This month’s Random Recipes challenged us to randomly pick a cookbook we received for Christmas. For the past two years I’ve been very lucky and have received cookbooks for Christmas. They are my favorite things ever. This year I received two. One book was filled with cupcakes. The other book is called Recipes Across America. Funny enough, though I made cupcakes this time, were not from the cupcake book but the other one instead. The book is filled with recipes from across this big country from Kentucky Grilled Chicken, Cheese Soup from Wisconsin, and Northwest Salmon Salad.
I opened the book hoping to get a savory recipe, but I was greeted by two different cake recipes: Devil’s Food Cake and Southern Lane Cake. Though the Southern Lane Cake intrigued me greatly (it’s essentially a glorified fruitcake,) I decided to stick with my favorite and do the chocolate.
This recipe appears in the “South sweets” section of the book. The recipe comes from Donna Carman in Tulsa, OK who shared that this recipe won the blue ribbon at several state fairs.
Though the recipe was for a cake, I decided to make cupcakes so I could more easily bring them to work. I’m not sure what I think about that option anymore, because the devil’s food made sort of weird cupcakes. It tasted good still, but they sort of drooped in the middle and shrunk.
Then when it got to the frosting, I realized I had a huge dilemma. The frosting recipe called for almost 4 cups of powdered sugar. I only had 1/4 cup!!!!!!!! (Which by the way, I need to buy more obviously.) So I found this recipe online for a frosting that didn’t used powdered sugar. It’s really more of a glaze and it hardened on top of the cupcakes.

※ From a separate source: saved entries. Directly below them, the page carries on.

(* Let $h:\Gamma\to\mathbb{T}A$ be a connected parametrized tropical curve without contracted edges, $\mathcal{Q}=\{p_1,\dots,p_x\}$ a lifting set, and $\tilde h:\widetilde\Gamma\to N_\mathbb{R}$ the lifted planar tropical curve, with paired unbounded ends $e_i,f_i$ of outgoing slopes $n_i,-n_i$ coming from $p_i$ and with $\gamma_i\in\Lambda$ the class of the loop associated to the pair $(e_i,f_i)$ (projection of a path in $\widetilde\Gamma$ from $e_i$ to $f_i$). Then every small deformation of $h$ (in the same combinatorial type) lifts to a small deformation of $\tilde h$. Conversely, a small deformation of $\tilde h$ (same combinatorial type, same slopes) descends to a deformation of $h:\Gamma\to\mathbb{T}A$ if and only if for every $i=1,\dots,x$ it satisfies $$\det(n_i,e_i)+\det(-n_i,f_i)=\det(n_i,S\gamma_i),$$ where $\det(n,e)$ denotes the moment $\det(n,z)$, $z\in\tilde h(e)$, of an unbounded end $e$ of slope $n$.
   Context: $N$ is an oriented rank $2$ lattice, $N_\mathbb{R}=N\otimes\mathbb{R}$. A tropical torus is $\mathbb{T}A=N_\mathbb{R}/\Lambda$ with injective $S:\Lambda\to N_\mathbb{R}$ whose image is a full-rank lattice. A parametrized tropical curve $h:\Gamma\to\mathbb{T}A$ is a map from a compact connected finite metric graph, affine on edges with slopes in $N$, balanced at each vertex; an edge is contracted if its slope is $0$. A finite set $\mathcal{Q}$ of points in the interiors of edges of $\Gamma$ is lifting if $h_*:\pi_1(\Gamma\setminus\mathcal{Q})\to\pi_1(\mathbb{T}A)=\Lambda$ is trivial; the lift $\tilde h:\widetilde\Gamma\to N_\mathbb{R}$ is obtained by lifting $h|_{\Gamma\setminus\mathcal{Q}}$ to $N_\mathbb{R}$ and prolonging each cut half-edge to an unbounded ray of the same slope. A deformation is a continuous family of parametrized tropical curves of the same combinatorial type (same graph, same slopes, varying edge lengths and position). *)

theory Defs
  imports "HOL-Analysis.Analysis"
begin

text \<open>Vectors of N_R = R^2 (N = Z^2 with its standard orientation).\<close>
type_synonym vec = "real \<times> real"

definition det2 :: "vec \<Rightarrow> vec \<Rightarrow> real" where
  "det2 a b = fst a * snd b - snd a * fst b"

definition rvec :: "int \<times> int \<Rightarrow> vec" where
  "rvec n = (real_of_int (fst n), real_of_int (snd n))"

text \<open>Lambda = Z^2; S given by the images u, v of the two basis vectors.
  S is injective with full-rank image iff det2 u v is nonzero.\<close>
definition Smap :: "vec \<Rightarrow> vec \<Rightarrow> int \<times> int \<Rightarrow> vec" where
  "Smap u v g = real_of_int (fst g) *\<^sub>R u + real_of_int (snd g) *\<^sub>R v"

definition lattice :: "vec \<Rightarrow> vec \<Rightarrow> vec set" where
  "lattice u v = range (Smap u v)"

text \<open>Oriented walks in the graph with edge set F: a list of (edge, forward?) pairs.\<close>
fun walk :: "('e \<Rightarrow> 'v) \<Rightarrow> ('e \<Rightarrow> 'v) \<Rightarrow> 'e set \<Rightarrow> 'v \<Rightarrow> ('e \<times> bool) list \<Rightarrow> 'v \<Rightarrow> bool" where
  "walk s t F a [] b = (a = b)"
| "walk s t F a ((e, d) # w) b =
     (e \<in> F \<and> (if d then s e = a \<and> walk s t F (t e) w b
                    else t e = a \<and> walk s t F (s e) w b))"

text \<open>Displacement in N_R of the lift of (the image under h of) a walk.\<close>
definition walk_disp :: "('e \<Rightarrow> real) \<Rightarrow> ('e \<Rightarrow> int \<times> int) \<Rightarrow> ('e \<times> bool) list \<Rightarrow> vec" where
  "walk_disp len \<sigma> w = (\<Sum>(e, d) \<leftarrow> w. (if d then len e else - len e) *\<^sub>R rvec (\<sigma> e))"

definition trop_type :: "'v set \<Rightarrow> 'e set \<Rightarrow> ('e \<Rightarrow> 'v) \<Rightarrow> ('e \<Rightarrow> 'v) \<Rightarrow> ('e \<Rightarrow> int \<times> int) \<Rightarrow> bool" where
  "trop_type V E s t \<sigma> \<longleftrightarrow> finite V \<and> finite E \<and> V \<noteq> {} \<and>
     (\<forall>e\<in>E. s e \<in> V \<and> t e \<in> V) \<and>
     (\<forall>v\<in>V. (\<Sum>e\<in>E. (if s e = v then \<sigma> e else 0) + (if t e = v then - \<sigma> e else 0)) = 0)"

definition connected_graph :: "'v set \<Rightarrow> 'e set \<Rightarrow> ('e \<Rightarrow> 'v) \<Rightarrow> ('e \<Rightarrow> 'v) \<Rightarrow> bool" where
  "connected_graph V E s t \<longleftrightarrow> (\<forall>a\<in>V. \<forall>b\<in>V. \<exists>w. walk s t E a w b)"

definition no_contracted_edges :: "'e set \<Rightarrow> ('e \<Rightarrow> int \<times> int) \<Rightarrow> bool" where
  "no_contracted_edges E \<sigma> \<longleftrightarrow> (\<forall>e\<in>E. \<sigma> e \<noteq> 0)"

text \<open>A parametrized tropical curve h : Gamma -> TA of the given type: edge lengths and
  images of the vertices (represented by points of N_R; a point is only relevant mod S Lambda).
  The edge e is the affine map t |-> pos (src e) + t * sigma e, t in [0, length e], mod S Lambda.\<close>
definition torus_curve :: "vec \<Rightarrow> vec \<Rightarrow> 'v set \<Rightarrow> 'e set \<Rightarrow> ('e \<Rightarrow> 'v) \<Rightarrow> ('e \<Rightarrow> 'v) \<Rightarrow>
    ('e \<Rightarrow> int \<times> int) \<Rightarrow> ('e \<Rightarrow> real) \<Rightarrow> ('v \<Rightarrow> vec) \<Rightarrow> bool" where
  "torus_curve u v V E s t \<sigma> len pos \<longleftrightarrow>
     (\<forall>e\<in>E. len e > 0 \<and> pos (t e) - pos (s e) - len e *\<^sub>R rvec (\<sigma> e) \<in> lattice u v)"

text \<open>Edges of Gamma containing a point of the lifting set Q = {p_i : i < x};
  p_i lies on edge qe i at distance qt i from src (qe i).\<close>
definition cut_edges :: "nat \<Rightarrow> (nat \<Rightarrow> 'e) \<Rightarrow> 'e set" where
  "cut_edges x qe = qe ` {..<x}"

text \<open>Lifting set: h_* : pi_1(Gamma \ Q) -> Lambda trivial, i.e. every closed walk in the
  graph with the cut edges removed has lifted displacement 0.\<close>
definition lifting_set :: "'v set \<Rightarrow> 'e set \<Rightarrow> ('e \<Rightarrow> 'v) \<Rightarrow> ('e \<Rightarrow> 'v) \<Rightarrow> ('e \<Rightarrow> int \<times> int) \<Rightarrow>
    ('e \<Rightarrow> real) \<Rightarrow> nat \<Rightarrow> (nat \<Rightarrow> 'e) \<Rightarrow> (nat \<Rightarrow> real) \<Rightarrow> bool" where
  "lifting_set V E s t \<sigma> len x qe qt \<longleftrightarrow>
     inj_on qe {..<x} \<and> cut_edges x qe \<subseteq> E \<and>
     (\<forall>i<x. 0 < qt i \<and> qt i < len (qe i)) \<and>
     (\<forall>a\<in>V. \<forall>w. walk s t (E - cut_edges x qe) a w a \<longrightarrow> walk_disp len \<sigma> w = 0)"

text \<open>Planar tropical curve of the lifted type: bounded edges F (with lengths), vertices V at
  positions P; the unbounded ends are the rays e_i = P (src (qe i)) + R_{>=0} n_i and
  f_i = P (tgt (qe i)) + R_{>=0} (- n_i), with n_i = sigma (qe i).\<close>
definition planar_curve :: "'v set \<Rightarrow> 'e set \<Rightarrow> ('e \<Rightarrow> 'v) \<Rightarrow> ('e \<Rightarrow> 'v) \<Rightarrow>
    ('e \<Rightarrow> int \<times> int) \<Rightarrow> ('e \<Rightarrow> real) \<Rightarrow> ('v \<Rightarrow> vec) \<Rightarrow> bool" where
  "planar_curve V F s t \<sigma> len P \<longleftrightarrow>
     (\<forall>e\<in>F. len e > 0 \<and> P (t e) = P (s e) + len e *\<^sub>R rvec (\<sigma> e))"

definition is_lift :: "vec \<Rightarrow> vec \<Rightarrow> 'v set \<Rightarrow> 'e set \<Rightarrow> ('e \<Rightarrow> 'v) \<Rightarrow> ('e \<Rightarrow> 'v) \<Rightarrow>
    ('e \<Rightarrow> int \<times> int) \<Rightarrow> 'e set \<Rightarrow> ('e \<Rightarrow> real) \<Rightarrow> ('v \<Rightarrow> vec) \<Rightarrow>
    ('e \<Rightarrow> real) \<Rightarrow> ('v \<Rightarrow> vec) \<Rightarrow> bool" where
  "is_lift u v V E s t \<sigma> C len pos lent P \<longleftrightarrow>
     planar_curve V (E - C) s t \<sigma> lent P \<and>
     (\<forall>e\<in>E - C. lent e = len e) \<and> (\<forall>w\<in>V. P w - pos w \<in> lattice u v)"

text \<open>gamma_i: class in Lambda of the loop obtained by projecting a path in the lifted graph
  from the end e_i to the end f_i (convention: S gamma_i = z_{e_i} - z_{f_i}, where
  z_{e_i}, z_{f_i} are the two lifts of p_i).\<close>
definition loop_class :: "vec \<Rightarrow> vec \<Rightarrow> 'e set \<Rightarrow> ('e \<Rightarrow> 'v) \<Rightarrow> ('e \<Rightarrow> 'v) \<Rightarrow> ('e \<Rightarrow> int \<times> int) \<Rightarrow>
    ('e \<Rightarrow> real) \<Rightarrow> nat \<Rightarrow> (nat \<Rightarrow> 'e) \<Rightarrow> nat \<Rightarrow> int \<times> int \<Rightarrow> bool" where
  "loop_class u v E s t \<sigma> len x qe i g \<longleftrightarrow>
     (\<exists>w. walk s t (E - cut_edges x qe) (s (qe i)) w (t (qe i)) \<and>
          Smap u v g = len (qe i) *\<^sub>R rvec (\<sigma> (qe i)) - walk_disp len \<sigma> w)"

definition torus_deformation :: "vec \<Rightarrow> vec \<Rightarrow> 'v set \<Rightarrow> 'e set \<Rightarrow> ('e \<Rightarrow> 'v) \<Rightarrow> ('e \<Rightarrow> 'v) \<Rightarrow>
    ('e \<Rightarrow> int \<times> int) \<Rightarrow> ('e \<Rightarrow> real) \<Rightarrow> ('v \<Rightarrow> vec) \<Rightarrow>
    (real \<Rightarrow> 'e \<Rightarrow> real) \<Rightarrow> (real \<Rightarrow> 'v \<Rightarrow> vec) \<Rightarrow> bool" where
  "torus_deformation u v V E s t \<sigma> len pos L Pos \<longleftrightarrow>
     (\<forall>e\<in>E. continuous_on {0..1} (\<lambda>r. L r e) \<and> L 0 e = len e) \<and>
     (\<forall>w\<in>V. continuous_on {0..1} (\<lambda>r. Pos r w) \<and> Pos 0 w = pos w) \<and>
     (\<forall>r\<in>{0..1}. torus_curve u v V E s t \<sigma> (L r) (Pos r))"

definition planar_deformation :: "'v set \<Rightarrow> 'e set \<Rightarrow> ('e \<Rightarrow> 'v) \<Rightarrow> ('e \<Rightarrow> 'v) \<Rightarrow>
    ('e \<Rightarrow> int \<times> int) \<Rightarrow> ('e \<Rightarrow> real) \<Rightarrow> ('v \<Rightarrow> vec) \<Rightarrow>
    (real \<Rightarrow> 'e \<Rightarrow> real) \<Rightarrow> (real \<Rightarrow> 'v \<Rightarrow> vec) \<Rightarrow> bool" where
  "planar_deformation V F s t \<sigma> len P L Q \<longleftrightarrow>
     (\<forall>e\<in>F. continuous_on {0..1} (\<lambda>r. L r e) \<and> L 0 e = len e) \<and>
     (\<forall>w\<in>V. continuous_on {0..1} (\<lambda>r. Q r w) \<and> Q 0 w = P w) \<and>
     (\<forall>r\<in>{0..1}. planar_curve V F s t \<sigma> (L r) (Q r))"

definition deform_within :: "'v set \<Rightarrow> 'e set \<Rightarrow> real \<Rightarrow> ('e \<Rightarrow> real) \<Rightarrow> ('v \<Rightarrow> vec) \<Rightarrow>
    (real \<Rightarrow> 'e \<Rightarrow> real) \<Rightarrow> (real \<Rightarrow> 'v \<Rightarrow> vec) \<Rightarrow> bool" where
  "deform_within V F eps len P L Q \<longleftrightarrow>
     (\<forall>r\<in>{0..1}. (\<forall>e\<in>F. \<bar>L r e - len e\<bar> < eps) \<and> (\<forall>w\<in>V. norm (Q r w - P w) < eps))"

They were super sweet, but pretty good and fluffy.
Devil’s Food Cupcakes
3 oz unsweetened chocolate, chopped
1/2 cup butter, softened
2 1/4 cups brown sugar
1 1/2 tsp vanilla
2 1/4 cups cake flour
1 tsp baking soda
1/2 tsp baking powder
1/2 tsp salt
1 cup water
1 cup sour cream
1. In a double boiler, melt the chocolate. Stir until smooth. Set aside.
2. In a large bowl, cream the butter and brown sugar until fluffy. Add the eggs, one at a time, beating well after each addition. Beat in the vanilla and chocolate.
2. Combine the flour, baking soda, baking powder, and salt. Add to the creamed mixture, alternately with the water and sour cream. Transfer to prepared cupcake tins.
3. Bake at 350 for 20 minutes, or until a toothpick inserted in the center comes out clean. Let cool.
For the Frosting
1 cup granulated sugar
1/4 cup cocoa powder
1/4 cup butter
1/4 cup milk
1 tsp vanilla extract
1. In a pot mix together the sugar, cocoa powder, butter, and milk. Bring to a boil for one minute. Remove from heat and stir in the vanilla. Cool partially and then beat with a mixer for three minutes.
2. When your cupcakes are cool, spread this glaze on top of them.